The asomtavruli remained popular until the 9th century, when the softer lines of the nuskhuri took over until the 11th century. The mkhedruli, that had developed in parallel, became predominant in the 13th century. Less radical changes followed with additions and deletions of letters. The latest reform dates back to 1879, when Ilia Chavchavadze, prince, poet and writer later declared a saint, eliminated five obsolete letters.
From the stone to the web
Georgian does not belong to any language family, and its letters do not resemble, even remotely, their Cyrillic or Greek ancestors.
Surprising as it may be, Italy played a part in the spread of this complex, circumscribed language. In May 1626, the Vatican decided to open a Theatine fathers mission in Georgia. Three years later, Italian Father Stefano Paolini, a Catholic, and Georgian Nicephoros Irbachi, Orthodox Christian, published the first Georgian-language printed book. The "Georgian and Italian Dictionary" (Dittionario giorgiano e italiano) was published by the Sacra Congregatio de Propaganda Fide. "The Georgian grammar" saw the light in Rome thanks to Theatine missionary Francesco Maria Maggio. It was 1643.
Georgian enjoyed widespread respect at the court of the tsars, and was not undermined by Russian, not even under the Russian-speaking Soviet Union.
"Georgia, Armenia, and the Baltic countries managed to keep their alphabets, in both education and the bureaucracy", explains Wier. "Russian-language documents were mostly aimed at readers outside the borders of the republic or the Russian-speaking population, about 8% of the total".

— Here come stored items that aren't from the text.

definition indiff :: "pref \<Rightarrow> real \<times> real \<Rightarrow> real \<times> real \<Rightarrow> bool" where
  "indiff R x y \<longleftrightarrow> R x y \<and> R y x"

definition classical :: "pref \<Rightarrow> bool" where
  "classical R \<longleftrightarrow>
     (\<forall>x y. R x y \<longrightarrow> x \<in> ZZ \<and> y \<in> ZZ) \<and>
     (\<forall>x\<in>ZZ. \<forall>y\<in>ZZ. R x y \<or> R y x) \<and>
     (\<forall>x y z. R x y \<and> R y z \<longrightarrow> R x z) \<and>
     (\<forall>q t' t''. 0 \<le> q \<and> q \<le> 1 \<and> 0 \<le> t' \<and> t' < t'' \<longrightarrow>
         R (t', q) (t'', q) \<and> \<not> R (t'', q) (t', q)) \<and>
     (\<forall>t q' q''. 0 \<le> t \<and> 0 \<le> q' \<and> q' < q'' \<and> q'' \<le> 1 \<longrightarrow>
         R (t, q'') (t, q') \<and> \<not> R (t, q') (t, q'')) \<and>
     (\<forall>z\<in>ZZ. closed {x\<in>ZZ. R x z} \<and> closed {x\<in>ZZ. R z x})"

definition single_crossing :: "pref \<Rightarrow> pref \<Rightarrow> bool" where
  "single_crossing R' R'' \<longleftrightarrow>
     (\<forall>z1\<in>ZZ. \<forall>z2\<in>ZZ. \<forall>x y.
        x \<in> {w\<in>ZZ. indiff R' w z1} \<inter> {w\<in>ZZ. indiff R'' w z2} \<and>
        y \<in> {w\<in>ZZ. indiff R' w z1} \<inter> {w\<in>ZZ. indiff R'' w z2} \<longrightarrow> x = y)"

definition rich_sc_domain :: "pref set \<Rightarrow> bool" where
  "rich_sc_domain D \<longleftrightarrow>
     (\<forall>R\<in>D. classical R) \<and>
     (\<forall>R'\<in>D. \<forall>R''\<in>D. R' \<noteq> R'' \<longrightarrow> single_crossing R' R'') \<and>
     (\<forall>x'\<in>ZZ. \<forall>x''\<in>ZZ. zlt x' x'' \<longrightarrow> (\<exists>R\<in>D. indiff R x' x''))"

definition prec :: "pref \<Rightarrow> pref \<Rightarrow> bool" where
  "prec R' R'' \<longleftrightarrow> R' \<noteq> R'' \<and>
     (\<forall>z\<in>ZZ. zbox z \<inter> ZZ \<inter> {x. R'' x z} \<subseteq> zbox z \<inter> ZZ \<inter> {x. R' x z})"

definition preceq :: "pref \<Rightarrow> pref \<Rightarrow> bool" where
  "preceq R' R'' \<longleftrightarrow> R' = R'' \<or> prec R' R''"

definition pref_interval :: "pref set \<Rightarrow> pref \<Rightarrow> pref \<Rightarrow> pref set" where
  "pref_interval D lo hi = {R\<in>D. preceq lo R \<and> preceq R hi}"

definition order_topology_on :: "pref set \<Rightarrow> pref topology" where
  "order_topology_on I = topology_generated_by
     (insert I ({{R\<in>I. prec a R} | a. a \<in> I} \<union> {{R\<in>I. prec R a} | a. a \<in> I}))"

definition borel_sets_on :: "pref set \<Rightarrow> pref set set" where
  "borel_sets_on I = sigma_sets I {U. openin (order_topology_on I) U}"

definition nontrivial_measure :: "pref set \<Rightarrow> pref measure \<Rightarrow> bool" where
  "nontrivial_measure I \<mu> \<longleftrightarrow>
     (\<forall>a\<in>I. \<forall>b\<in>I. prec a b \<longrightarrow> measure \<mu> {R\<in>I. preceq a R \<and> preceq R b} > 0)"

definition continuous_measure :: "pref measure \<Rightarrow> bool" where
  "continuous_measure \<mu> \<longleftrightarrow>
     (\<forall>A\<in>sets \<mu>. \<forall>c. measure \<mu> A > 0 \<and> 0 < c \<and> c < measure \<mu> A \<longrightarrow>
        (\<exists>B\<in>sets \<mu>. B \<subseteq> A \<and> measure \<mu> B = c))"

definition mechanism :: "pref set \<Rightarrow> (pref \<Rightarrow> real \<times> real) \<Rightarrow> bool" where
  "mechanism I F \<longleftrightarrow> (\<forall>R\<in>I. F R \<in> ZZ)"

definition strategy_proof :: "pref set \<Rightarrow> (pref \<Rightarrow> real \<times> real) \<Rightarrow> bool" where
  "strategy_proof I F \<longleftrightarrow> (\<forall>R'\<in>I. \<forall>R''\<in>I. R' (F R') (F R''))"

definition individually_rational :: "pref set \<Rightarrow> (pref \<Rightarrow> real \<times> real) \<Rightarrow> bool" where
  "individually_rational I F \<longleftrightarrow> (\<forall>R\<in>I. R (F R) (0, 0))"

definition revenue :: "pref measure \<Rightarrow> (pref \<Rightarrow> real \<times> real) \<Rightarrow> real" where
  "revenue \<mu> F = integral\<^sup>L \<mu> (\<lambda>R. fst (F R))"

definition finite_sp_ir :: "pref set \<Rightarrow> (pref \<Rightarrow> real \<times> real) \<Rightarrow> bool" where
  "finite_sp_ir I F \<longleftrightarrow> mechanism I F \<and> strategy_proof I F \<and>
     individually_rational I F \<and> finite (F ` I)"

end

theory Submission
  imports Defs
begin

text \<open>Truncate the menu of \<open>Fc\<close>: enumerate its countably many outcomes and let each type
  choose among \<open>(0,0)\<close> and the first \<open>n\<close> of them, keeping its \<open>Fc\<close>-outcome whenever that is on
  the menu. Each truncation is a strategy-proof, individually rational mechanism with finite range,
  and at every type it eventually coincides with \<open>Fc\<close>; as prices are non-negative, Fatou's lemma
  gives \<open>E(Fc) \<le> liminf E(F\<^sub>n)\<close>, which yields both claims. The measure-theoretic content is that
  truncations are measurable, i.e. that \<open>{R. R x y}\<close> is a Borel set of the interval; this holds
  because it is (the complement of) a down-set for \<open>\<prec>\<close>, and \<open>\<prec>\<close> is total by single crossing.\<close>

section \<open>Classical preferences\<close>

lemma dist_Pair_same_snd: "dist (a::real, b::real) (c, b) = \<bar>a - c\<bar>"
  by (simp add: dist_Pair_Pair dist_real_def)

lemma dist_Pair_same_fst: "dist (a::real, b::real) (a, d) = \<bar>b - d\<bar>"
  by (simp add: dist_Pair_Pair dist_real_def)

lemma classical_in_ZZ: "classical R \<Longrightarrow> R x y \<Longrightarrow> x \<in> ZZ \<and> y \<in> ZZ"
  unfolding classical_def by blast

lemma classical_total: "classical R \<Longrightarrow> x \<in> ZZ \<Longrightarrow> y \<in> ZZ \<Longrightarrow> R x y \<or> R y x"
  unfolding classical_def by blast

lemma classical_refl: "classical R \<Longrightarrow> x \<in> ZZ \<Longrightarrow> R x x"
  using classical_total by blast

lemma classical_trans: "classical R \<Longrightarrow> R x y \<Longrightarrow> R y z \<Longrightarrow> R x z"
  unfolding classical_def by blast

Today, Georgia counts about 3.7 million inhabitants – a quick calculation shows how the language and alphabets are used by approximately 0.06% of the world population. The risk of being swallowed is not unlikely. Despite Georgian being one of the linguistic options on computers, tablets, and smart phones, the tendency has spread to use the Latin alphabet, partly because of the very limited range of stylistic features available – a bit like only having Arial or Times New Roman when writing using the Latin alphabet.

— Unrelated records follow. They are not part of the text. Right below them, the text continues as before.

(* Let $T_{26}=\mathbf{e}^1_1\otimes(\mathbf{e}^2_1\otimes\mathbf{e}^3_1+\mathbf{e}^2_2\otimes\mathbf{e}^3_3+\mathbf{e}^2_3\otimes\mathbf{e}^3_5)+\mathbf{e}^1_2\otimes(\mathbf{e}^2_1\otimes\mathbf{e}^3_2+\mathbf{e}^2_2\otimes\mathbf{e}^3_4+\mathbf{e}^2_3\otimes\mathbf{e}^3_6)\in\mathbb{C}^2\otimes\mathbb{C}^3\otimes\mathbb{C}^6$ and $g(\mathbf{x},\mathbf{y},\mathbf{z})=x_1y_1z_1+x_2y_1z_2+x_1y_2z_3+x_2y_2z_4+x_1y_3z_5+x_2y_3z_6$. Let $T\in\mathbb{C}^2\otimes\mathbb{C}^3\otimes\mathbb{C}^6$ and $(A,B,C)\in\mathrm{GL}_2\times\mathrm{GL}_3\times\mathrm{GL}_6$ with $(A,B,C)\cdot T=T_{26}$. Then a rank-one tensor $\mathbf{a}\otimes\mathbf{b}\otimes\mathbf{c}$ lies in the forbidden locus of $T$ if and only if $g(A\mathbf{a},B\mathbf{b},C\mathbf{c})=0$ (equivalently $\langle (A^T\otimes B^T\otimes C^T)\cdot T_{26}^*,\mathbf{a}\otimes\mathbf{b}\otimes\mathbf{c}\rangle=0$, where $T_{26}^*$ is $T_{26}$ written in the dual basis).
   Context: $\mathbf{e}^i_j$ is the $j$-th standard basis vector of the $i$-th factor. The group acts by $(A,B,C)\cdot(\mathbf{a}\otimes\mathbf{b}\otimes\mathbf{c})=A\mathbf{a}\otimes B\mathbf{b}\otimes C\mathbf{c}$, extended linearly. The rank of a tensor is the minimal number of rank-one tensors summing to it; $P$ is in the forbidden locus of $T$ if $\mathrm{rk}(T-\lambda P)\ge\mathrm{rk}(T)$ for all $\lambda\in\mathbb{C}$. (Here $\mathrm{rk}(T)=6$.) *)

theory Defs
  imports "HOL-Analysis.Analysis"
begin

text \<open>The standard basis vector e_j (j = 1..n) of C^n is axis (j-1) 1, where the index type
  is the numeral type n with elements 0,...,n-1.\<close>

type_synonym ('a,'b,'c) tensor = "'a \<Rightarrow> 'b \<Rightarrow> 'c \<Rightarrow> complex"

definition outer :: "complex^'a \<Rightarrow> complex^'b \<Rightarrow> complex^'c \<Rightarrow> ('a,'b,'c) tensor" where
  "outer a b c = (\<lambda>i j k. a $ i * b $ j * c $ k)"

definition tensor_rank :: "('a::finite,'b::finite,'c::finite) tensor \<Rightarrow> nat" where
  "tensor_rank T = (LEAST r. \<exists>a b c. T = (\<lambda>i j k. \<Sum>l<r. outer (a l) (b l) (c l) i j k))"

A solution to fill the gap has been found not by a calligrapher or a linguist, but an industrial designer. In 2015 Zviad Tsikolia, 45 – a well-known, award-winning designer who has worked extensively in Europe, together with the first bank in the country, TBC Bank, launched #WriteinGeorgian, asking volunteers to create new styles for alphabetic characters. The response was an avalanche of characters – 160 fonts registered in five weeks.
"We have one of the most elegant and beautiful alphabets in the world, a treasure that needs to be not only protected, but also updated", explains Tsikolia, who can also boast a prototype for Bugatti in his portfolio. "The world is becoming increasingly digital, and our characters must be able to evolve and adapt to a reality that is no longer just on paper".
"თქვენ მალე საქართველოში" - "Georgia is waiting for you again".